INSTRUCTIONS FOR THE TASK:
Every record must appear in the response exactly as given.

SUPPLIED RECORDS:
lemma cone_extend_summand:
  assumes j: "1 \<le> j" "j \<le> n" and a: "a \<in> Hom C (A j) D" and e: "e \<in> Hom C (B j) D"
    and vanish: "Comp C (Plus C a (Neg C (Comp C e (h j)))) (f (j - 1)) = Zero C (A (j - 1)) D"
  obtains \<psi> where "\<psi> \<in> Hom C (S j) D" and "Comp C \<psi> (cone_inA j) = a" and "Comp C \<psi> (i2 j) = e"
proof -
  interpret Sj: biproduct C "A (Suc j)" "B j" "S j" "p1 j" "p2 j" "i1 j" "i2 j"
    using summand j by simp
  have eh: "Comp C e (h j) \<in> Hom C (A j) D"
    using comp_hom[OF h_hom e] j by simp
  obtain c where c: "c \<in> Hom C (A (Suc j)) D" "Plus C a (Neg C (Comp C e (h j))) = Comp C c (f j)"
    using right_n_exact_factor[OF top_row j plus_hom[OF a neg_hom[OF eh]] vanish] by blast
  define \<psi> where "\<psi> = Plus C (Comp C (Neg C c) (p1 j)) (Comp C e (p2 j))"
  have \<psi>: "\<psi> \<in> Hom C (S j) D"
    unfolding \<psi>_def using Sj.copair_hom[OF neg_hom[OF c(1)] e] .
  have \<psi>_i: "Comp C \<psi> (i1 j) = Neg C c" "Comp C \<psi> (i2 j) = e"
    unfolding \<psi>_def using Sj.copair_i1 Sj.copair_i2 neg_hom[OF c(1)] e by simp_all
  have "Comp C \<psi> (cone_inA j) = Plus C (Plus C a (Neg C (Comp C e (h j)))) (Comp C e (h j))"
    using comp_cone_inA[OF j \<psi>] \<psi>_i comp_neg_left[OF f_hom c(1)] neg_neg[OF comp_hom[OF f_hom c(1)]]
      c(2) j by simp
  also have "\<dots> = a"
    using plus_neg_cancel[OF a eh] .
  finally show ?thesis
    using that \<psi> \<psi>_i by simp
qed

lemma cone_extend:
  assumes k: "1 \<le> k" "k \<le> n"
    and a: "a \<in> Hom C (A (Suc k)) D" and e: "e \<in> Hom C (B (Suc k)) D"
    and eq: "Comp C a (f k) = Comp C e (Comp C (g k) (h k))"
  obtains \<psi> where "\<psi> \<in> Hom C (cone_obj (Suc k)) D"
    and "Comp C \<psi> (cone_inA (Suc k)) = a" and "Comp C \<psi> (cone_inB (Suc k)) = e"
proof -
  have f: "f k \<in> Hom C (A k) (A (Suc k))" and h': "h (Suc k) \<in> Hom C (A (Suc k)) (B (Suc k))"
    using f_hom h_hom k by simp_all
  have eh': "Comp C e (h (Suc k)) \<in> Hom C (A (Suc k)) D"
    using comp_hom[OF h' e] .
  have eq': "Comp C a (f k) = Comp C (Comp C e (h (Suc k))) (f k)"
    using eq comp_assoc[OF f h' e] square[OF k] by simp
  show ?thesis
  proof (cases "Suc k \<le> n")
    case True
    then obtain \<psi> where "\<psi> \<in> Hom C (S (Suc k)) D"
      and "Comp C \<psi> (cone_inA (Suc k)) = a" and "Comp C \<psi> (i2 (Suc k)) = e"
      using cone_extend_summand[of "Suc k" a D e] comp_diff_eq_zero[OF f a eh' eq'] a e by auto
    then show ?thesis
      using that True by (simp add: cone_obj_summand cone_inB_def)
  next
    case False
    then have "k = n"
      using k by simp
    then have "a = Comp C e (h (Suc k))"
      using right_n_exact_epi[OF top_row, of a D "Comp C e (h (Suc k))"] a eh' eq' by simp
    then show ?thesis
      using that e comp_id_right[OF e] \<open>k = n\<close> by simp
  qed
qed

THE COMPLETED TASK:
lemma cone_extend_summand:
  assumes j: "1 \<le> j" "j \<le> n" and a: "a \<in> Hom C (A j) D" and e: "e \<in> Hom C (B j) D"
    and vanish: "Comp C (Plus C a (Neg C (Comp C e (h j)))) (f (j - 1)) = Zero C (A (j - 1)) D"
  obtains \<psi> where "\<psi> \<in> Hom C (S j) D" and "Comp C \<psi> (cone_inA j) = a" and "Comp C \<psi> (i2 j) = e"
proof -
  interpret Sj: biproduct C "A (Suc j)" "B j" "S j" "p1 j" "p2 j" "i1 j" "i2 j"
    using summand j by simp
  have eh: "Comp C e (h j) \<in> Hom C (A j) D"
    using comp_hom[OF h_hom e] j by simp
  obtain c where c: "c \<in> Hom C (A (Suc j)) D" "Plus C a (Neg C (Comp C e (h j))) = Comp C c (f j)"
    using right_n_exact_factor[OF top_row j plus_hom[OF a neg_hom[OF eh]] vanish] by blast
  define \<psi> where "\<psi> = Plus C (Comp C (Neg C c) (p1 j)) (Comp C e (p2 j))"
  have \<psi>: "\<psi> \<in> Hom C (S j) D"
    unfolding \<psi>_def using Sj.copair_hom[OF neg_hom[OF c(1)] e] .
  have \<psi>_i: "Comp C \<psi> (i1 j) = Neg C c" "Comp C \<psi> (i2 j) = e"
    unfolding \<psi>_def using Sj.copair_i1 Sj.copair_i2 neg_hom[OF c(1)] e by simp_all
  have "Comp C \<psi> (cone_inA j) = Plus C (Plus C a (Neg C (Comp C e (h j)))) (Comp C e (h j))"
    using comp_cone_inA[OF j \<psi>] \<psi>_i comp_neg_left[OF f_hom c(1)] neg_neg[OF comp_hom[OF f_hom c(1)]]
      c(2) j by simp
  also have "\<dots> = a"
    using plus_neg_cancel[OF a eh] .
  finally show ?thesis
    using that \<psi> \<psi>_i by simp
qed

lemma cone_extend:
  assumes k: "1 \<le> k" "k \<le> n"
    and a: "a \<in> Hom C (A (Suc k)) D" and e: "e \<in> Hom C (B (Suc k)) D"
    and eq: "Comp C a (f k) = Comp C e (Comp C (g k) (h k))"
  obtains \<psi> where "\<psi> \<in> Hom C (cone_obj (Suc k)) D"
    and "Comp C \<psi> (cone_inA (Suc k)) = a" and "Comp C \<psi> (cone_inB (Suc k)) = e"
proof -
  have f: "f k \<in> Hom C (A k) (A (Suc k))" and h': "h (Suc k) \<in> Hom C (A (Suc k)) (B (Suc k))"
    using f_hom h_hom k by simp_all
  have eh': "Comp C e (h (Suc k)) \<in> Hom C (A (Suc k)) D"
    using comp_hom[OF h' e] .
  have eq': "Comp C a (f k) = Comp C (Comp C e (h (Suc k))) (f k)"
    using eq comp_assoc[OF f h' e] square[OF k] by simp
  show ?thesis
  proof (cases "Suc k \<le> n")
    case True
    then obtain \<psi> where "\<psi> \<in> Hom C (S (Suc k)) D"
      and "Comp C \<psi> (cone_inA (Suc k)) = a" and "Comp C \<psi> (i2 (Suc k)) = e"
      using cone_extend_summand[of "Suc k" a D e] comp_diff_eq_zero[OF f a eh' eq'] a e by auto
    then show ?thesis
      using that True by (simp add: cone_obj_summand cone_inB_def)
  next
    case False
    then have "k = n"
      using k by simp
    then have "a = Comp C e (h (Suc k))"
      using right_n_exact_epi[OF top_row, of a D "Comp C e (h (Suc k))"] a eh' eq' by simp
    then show ?thesis
      using that e comp_id_right[OF e] \<open>k = n\<close> by simp
  qed
qed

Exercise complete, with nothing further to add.